Упуская жизнь

Вероника Соломбаева
Шёл сильнейший ливень в этом сезоне. Вода стеной стояла второй день, превратив дороги в реки, а первые посевы в месиво грязи и травы. Но, несмотря на то, что люди были крайне недовольны такими условиями и испорченными полями, природа ликовала! Ветер вместе с дождем стихийно проносились везде, очищая землю от следов людей: мусора, мостов через реки, заготовленного сена и различных мелких построек. Деревья вновь ожили после долгой засухи, и капли дождя перебирали их изумрудные листья.
Но утром, невзирая на ливень, всходило солнце и озаряло поля, реки и озера, едва уцелевшие ветхие домики и могучие деревья. Со стороны это выглядело бесподобно, но жившие в эпицентре люди  не могли взглянуть на красоту происходящего: дождь портил все планы: все посевы были безвозвратно испорчены, передвижение было невозможно, дома еле выдерживали одолевающую их стихию. Жители не видели великолепия происходящего, для них это было бедствием.
А деревушка эта лежала через поляну от диких лесов, в которых водились небывалые звери и птицы, так помимо этого, эти леса были обжиты духами, которые не приветствовали чужаков. Так, по крайней мере, говорили старейшины, а им перечить не смел никто. Вылазки в леса осуществлялись крайне редко, а еще реже это стали делать после того, как восемь отважных воинов забрали от семей злые силы. В общем, воины не вернулись - умерли они от голода и жажды, были убиты диким зверем или же, правда, встретились с местными жителями – это осталось для всех тайной. Но после этого происшествия леса стали называть «Джангала ки Акма», что означает Леса Духов.
В одном из домиков на самой окраине деревни жила семья: мать и трое детей. Отец этих ребят ушел в тот роковой поход, он был одним из восьмерых воинов, ушедших на смерть. Но уже прошел год, поэтому женщина со своими детьми свыклась с потерей и приноровилась к такому образу жизни. Ведь на ее руках осталась полугодовалая дочь, сын трех лет и уже подросший старший пятнадцатилетний парнишка. Дети с пониманием относились к матери, помогая ей в хозяйстве. Но, к сожалению, у нее было иное отношение к детям. Работа на землях отбирала у нее почти все силы, а их остатки приходились на советы у старейшин. Итогом этого послужило то, что двое младших ее детей, Куана и Валес, перекочевали к бабушке – одной из старейшин, но самый старший, его звали Ревьер, стал одинок, ему было сложно. Прогулки с местными ребятами всегда заканчивались драками и осуждениями. Ревьер видел всё по-другому, нежели его сверстники. За что и был ими же и осужден.
И вот небо проливало тонны воды на землю, а маленький парень тихонько наблюдал за этим в окно.

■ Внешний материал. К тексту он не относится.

(* With $V$ satisfying (C1)–(C4), $\mathbb P(A):=V_A(1_\Omega)$, and $u^+$ as defined in the context, the map $T_{u^+}(f):=\int_\Omega u^+(\omega,f(\omega))\,\mathbb P(d\omega)$ is well defined and finite on $\mathcal L^\infty(\Omega,\mathcal F)$, monotone with respect to the pointwise order, pointwise continuous (if $(f_n)$ is uniformly bounded and $f_n\to f$ pointwise everywhere then $T_{u^+}(f_n)\to T_{u^+}(f)$), and satisfies $V_A(f)=T_{u^+}(f1_A)$ for every $f\in\mathcal L^\infty(\Omega,\mathcal F)$ and $A\in\mathcal F$.
   Context: $\mathcal L^\infty(\Omega,\mathcal F)$: bounded $\mathcal F$-measurable real functions; $V:\mathcal F\times\mathcal L^\infty(\Omega,\mathcal F)\to\mathbb R$, $(A,f)\mapsto V_A(f)$, with: (C1) for every $f$, $A\mapsto V_A(f)$ is a finite signed measure, $V_A(0)=0$, and $A\mapsto V_A(1_\Omega)$ is a probability measure; (C2) $V_A(f)=V_\Omega(f1_A)$; (C3) $f\le g$ pointwise implies $V_A(f)\le V_A(g)$, and $\mathbb P(A)>0$ implies $V_A(x)<V_A(y)$ for real $x<y$; (C4) $V_A(f_n)\to V_A(f)$ whenever $(f_n)$ is uniformly bounded and converges pointwise everywhere to $f$. For $q\in\mathbb Q$, $u(\cdot,q)$ is a version of $d\mu_q/d\mathbb P$, $\mu_q(A):=V_A(q)$, with $u(\cdot,0)\equiv0$. $\Theta:=\{\omega: u(\omega,q_1)<u(\omega,q_2)\ \forall q_1<q_2\in\mathbb Q\}\cap\{\omega: u(\omega,q)=\inf_{\tilde q\in\mathbb Q,\tilde q>q}u(\omega,\tilde q)\ \forall q\in\mathbb Q\}$, and $u^+(\omega,x):=\inf_{q\in\mathbb Q,q\ge x}\{u(\omega,q)1_\Theta(\omega)+x1_{\Omega\setminus\Theta}(\omega)\}$. *)

theory Defs
  imports "HOL-Analysis.Analysis"
begin

definition Linf :: "'a measure \<Rightarrow> ('a \<Rightarrow> real) set" where
  "Linf M = {f. f \<in> borel_measurable M \<and> (\<exists>B. \<forall>x\<in>space M. \<bar>f x\<bar> \<le> B)}"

По их маленькому дому бегала его мать с криками о том, что эти проделки богов им не нужны, что это всё портит! Но мальчик видел не разрушения и проблемы для племени – он видел прекрасное волшебное состояние стихии, сияние солнца сквозь стену воды, наслаждался звуком разбивающихся капель о крыши домов, которые играли свою необыкновенную и завораживающую мелодию. А, так как это было утро, от деревни до самого горизонта, где-то там за лесом, простиралась горящая радуга. У Ревьера не укладывалось в голове, как его мама, друзья, даже старейшины не видели этой явственно-девственной красоты дикой природы. Когда бедный парнишка пытался поделиться с окружающими, то они его не понимали и осуждали, говоря о том, что эта его «красота» и «природа» портит им жизнь и осложняет работу. Осуждения доходили до избиений и гонений.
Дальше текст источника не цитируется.